Spreads for many products tracked by ICIS in China have never been lower since our reviews began. Until or unless spreads return to historical averages, China’s economy will remain weak as petrochemicals are a critical part of manufacturing.
Polypropylene (PP), for example, as detailed in today’s post:
The average spread in 2022 through August 19 was only $262/tonne to naphtha.

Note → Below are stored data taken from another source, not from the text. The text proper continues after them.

lemma has_sum_dzeta_series:
  assumes "x > 2"
  shows "((\<lambda>N. complex_of_real (dzeta_coeff k N * real N powr -x)) has_sum dzeta_series k (of_real x))
           UNIV"
proof -
  define a where "a N = dzeta_coeff k N * real N powr -x" for N
  define f where "f = (\<lambda>(N, i). real i ^ k * real N powr -(x + real k))"
  define h where "h = (\<lambda>(m, n). real m ^ k * real (m + n) powr -(x + real k))"
  have exponent: "- (complex_of_real x + of_nat k) = of_real (-(x + real k))"
    by simp
  have rows: "((\<lambda>i. f (N, i)) has_sum a N) {1..<N}" for N
    by (rule has_sum_finiteI)
      (auto simp: f_def a_def dzeta_coeff_times_powr power_sum_def sum_distrib_right)
  have a_summable: "a summable_on UNIV"
    unfolding a_def using assms by (rule summable_dzeta_coeff)
  have "f summable_on Sigma UNIV (\<lambda>N. {1..<N})"
    by (rule summable_on_SigmaI[OF rows a_summable]) (auto simp: f_def)
  then have "(f has_sum (\<Sum>\<^sub>\<infinity>N. a N)) (Sigma UNIV (\<lambda>N. {1..<N}))"
    using a_summable by (intro has_sum_SigmaI[OF rows]) auto
  also have "?this \<longleftrightarrow> (h has_sum (\<Sum>\<^sub>\<infinity>N. a N)) ({1..} \<times> {1..})"
    by (rule has_sum_reindex_bij_witness[where i = "\<lambda>(m, n). (m + n, m)" and j = "\<lambda>(N, i). (i, N - i)"])
      (auto simp: f_def h_def)
  finally have "((\<lambda>p. complex_of_real (h p)) has_sum of_real (\<Sum>\<^sub>\<infinity>N. a N)) ({1..} \<times> {1..})"
    by (rule has_sum_of_real)
  moreover have "(\<lambda>(m, n). of_nat m ^ k * of_nat (m + n) powr (- (complex_of_real x + of_nat k)))
                  = (\<lambda>p. complex_of_real (h p))"
    by (simp only: h_def case_prod_unfold exponent of_nat_powr_of_real of_real_mult of_real_power
        of_real_of_nat_eq)
  ultimately have "dzeta_series k (of_real x) = of_real (\<Sum>\<^sub>\<infinity>N. a N)"
    unfolding dzeta_series_def by (simp add: infsumI)
  moreover have "((\<lambda>N. complex_of_real (a N)) has_sum of_real (\<Sum>\<^sub>\<infinity>N. a N)) UNIV"
    by (intro has_sum_of_real has_sum_infsum a_summable)
  ultimately show ?thesis
    by (simp add: a_def)
qed

lemma dzeta_coeff_combination_eq_0D:
  fixes w :: "nat \<Rightarrow> complex"
  assumes "finite I" and "\<And>N. N > 0 \<Longrightarrow> (\<Sum>k\<in>I. w k * of_real (dzeta_coeff k N)) = 0"
  shows "(\<Sum>k\<in>I. w k * of_real (if k = 0 then -1 else -1 / 2)) = 0"
proof -
  define A where "A = (\<Sum>k\<in>I. w k / of_nat (Suc k))"
  define B where "B = (\<Sum>k\<in>I. w k * of_real (if k = 0 then -1 else -1 / 2))"
  have "(\<lambda>N. \<Sum>k\<in>I. w k * of_real (dzeta_coeff k N - real N / real (Suc k))) \<longlonglongrightarrow> B"
    unfolding B_def dzeta_coeff_def by (intro tendsto_intros power_sum_second_term)
  moreover have "\<forall>\<^sub>F N in sequentially.
      (\<Sum>k\<in>I. w k * of_real (dzeta_coeff k N - real N / real (Suc k))) = - A * of_nat N"
    using eventually_gt_at_top[of 0]
  proof eventually_elim
    case (elim N)
    have "(\<Sum>k\<in>I. w k * of_real (dzeta_coeff k N - real N / real (Suc k)))
            = (\<Sum>k\<in>I. w k * of_real (dzeta_coeff k N)) - A * of_nat N"
      by (simp add: A_def sum_subtractf sum_distrib_right right_diff_distrib)
    with elim show ?case
      by (simp add: assms(2))
  qed
  ultimately have "(\<lambda>N. - A * of_nat N) \<longlonglongrightarrow> B"
    by (rule Lim_transform_eventually)
  then have "(\<lambda>N. - A * of_nat N + - B) \<longlonglongrightarrow> B + - B"
    by (intro tendsto_add tendsto_const)
  then show ?thesis
    using affine_sequence_tendsto_0D(2)[of "- A" "- B"] by (simp add: B_def)
qed

lemma has_sum_dzeta_combination:
  fixes w :: "nat \<Rightarrow> complex"
  assumes "finite I" and "x > 2"
  shows "((\<lambda>N. (\<Sum>k\<in>I. w k * of_real (dzeta_coeff k N)) * of_real (real N powr -x))
           has_sum (\<Sum>k\<in>I. w k * dzeta_series k (of_real x))) UNIV"
proof -
  have "((\<lambda>N. \<Sum>k\<in>I. w k * of_real (dzeta_coeff k N * real N powr -x))
           has_sum (\<Sum>k\<in>I. w k * dzeta_series k (of_real x))) UNIV"
    using assms by (intro has_sum_sum has_sum_cmult_right has_sum_dzeta_series)
  then show ?thesis
    by (simp add: sum_distrib_right mult.assoc)
qed

lemma abs_summable_dzeta_combination:
  fixes w :: "nat \<Rightarrow> complex"
  assumes "finite I"
  shows "(\<lambda>N. norm (\<Sum>k\<in>I. w k * of_real (dzeta_coeff k N)) * real N powr -3) summable_on UNIV"
proof (rule summable_on_comparison_test)
  have "((\<lambda>N. \<Sum>k\<in>I. norm (w k) * (dzeta_coeff k N * real N powr -3))
          has_sum (\<Sum>k\<in>I. norm (w k) * (\<Sum>\<^sub>\<infinity>N. dzeta_coeff k N * real N powr -3))) UNIV"
    using assms by (intro has_sum_sum has_sum_cmult_right has_sum_infsum summable_dzeta_coeff) auto
  then show "(\<lambda>N. \<Sum>k\<in>I. norm (w k) * (dzeta_coeff k N * real N powr -3)) summable_on UNIV"
    by (rule has_sum_imp_summable)
  fix N :: nat
  have "norm (\<Sum>k\<in>I. w k * of_real (dzeta_coeff k N)) \<le> (\<Sum>k\<in>I. norm (w k) * dzeta_coeff k N)"
    by (rule order_trans[OF norm_sum]) (simp add: norm_mult dzeta_coeff_nonneg)
  then have "norm (\<Sum>k\<in>I. w k * of_real (dzeta_coeff k N)) * real N powr -3
               \<le> (\<Sum>k\<in>I. norm (w k) * dzeta_coeff k N) * real N powr -3"
    by (rule mult_right_mono) simp
  then show "norm (\<Sum>k\<in>I. w k * of_real (dzeta_coeff k N)) * real N powr -3
               \<le> (\<Sum>k\<in>I. norm (w k) * (dzeta_coeff k N * real N powr -3))"
    by (simp add: sum_distrib_right mult.assoc)
qed simp

theorem corollary5p2:
  fixes m :: nat and c :: "nat \<Rightarrow> complex" and Z :: "nat \<Rightarrow> complex \<Rightarrow> complex"
  assumes "m \<ge> 1"
    and "\<And>k. k \<le> 2 * m + 1 \<Longrightarrow> Z k meromorphic_on UNIV"
    and "\<And>k s. k \<le> 2 * m + 1 \<Longrightarrow> Re s > 2 \<Longrightarrow> Z k s = dzeta_series k s"
    and "\<forall>\<^sub>F s in cosparse UNIV.
           (\<Sum>k = 1..2 * m + 1. c k * Z k s) + c 0 * Z 0 s / 2 = 0"
  shows "(\<Sum>k = 0..2 * m + 1. c k) = 0"
proof -
  define K where "K = 2 * m + 1"
  define w where "w k = (if k = 0 then c 0 / 2 else c k)" for k
  define G where "G x = (\<Sum>k = 0..K. w k * dzeta_series k (of_real x))" for x
  have G_eq: "G x = (\<Sum>k = 1..K. c k * Z k (of_real x)) + c 0 * Z 0 (of_real x) / 2" if "x > 2" for x
  proof -
    have "G x = w 0 * dzeta_series 0 (of_real x) + (\<Sum>k = Suc 0..K. w k * dzeta_series k (of_real x))"
      unfolding G_def by (rule sum.atLeast_Suc_atMost) simp
    also have "(\<Sum>k = Suc 0..K. w k * dzeta_series k (of_real x)) = (\<Sum>k = 1..K. c k * Z k (of_real x))"
      using that by (intro sum.cong) (auto simp: w_def K_def assms(3))
    finally show ?thesis
      using that by (simp add: w_def K_def assms(3))
  qed
  have "\<exists>\<^sub>F x in at_top. G x = 0"
    using frequently_eventually_conj[OF eventually_cosparse_imp_frequently_at_top_of_real[OF assms(4)]
        eventually_gt_at_top[of 2]]
    by (rule frequently_elim1) (simp add: G_eq K_def)
  then have "(\<Sum>k = 0..K. w k * of_real (dzeta_coeff k N)) = 0" if "N > 0" for N
    using abs_summable_dzeta_combination has_sum_dzeta_combination that
    unfolding G_def by (intro dirichlet_series_coeff_eq_0[where \<sigma> = 3]) auto
  then have "(\<Sum>k = 0..K. w k * of_real (if k = 0 then -1 else -1 / 2)) = 0"
    by (intro dzeta_coeff_combination_eq_0D) auto
  moreover have "w k * of_real (if k = 0 then -1 else -1 / 2) = - c k / 2" for k
    by (simp add: w_def)
  ultimately show ?thesis
    by (simp add: K_def sum_negf sum_divide_distrib[symmetric])
qed

end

This compares to the previous annual low of $430/tonne in 2003.
It’s the same story with ICIS margin ratings:
From January 1 to August 19, 2022, northeast Asia variable cost PP integrated average margins were minus $7/ton from the next low year of $209/positive ton in 2021. This year’s averages break down as follows: only $2.2/tonne for PP-based PDH, less $78/tonne for naphtha-based PP and $54/tonne for LPG-based PP.
Please be careful there and don’t get caught on the wrong side of a market rally that either quickly dies out like faulty fireworks or doesn’t happen at all.
Editor’s Note: This blog post is an opinion piece. The opinions expressed are those of the author and do not necessarily represent those of CIHI.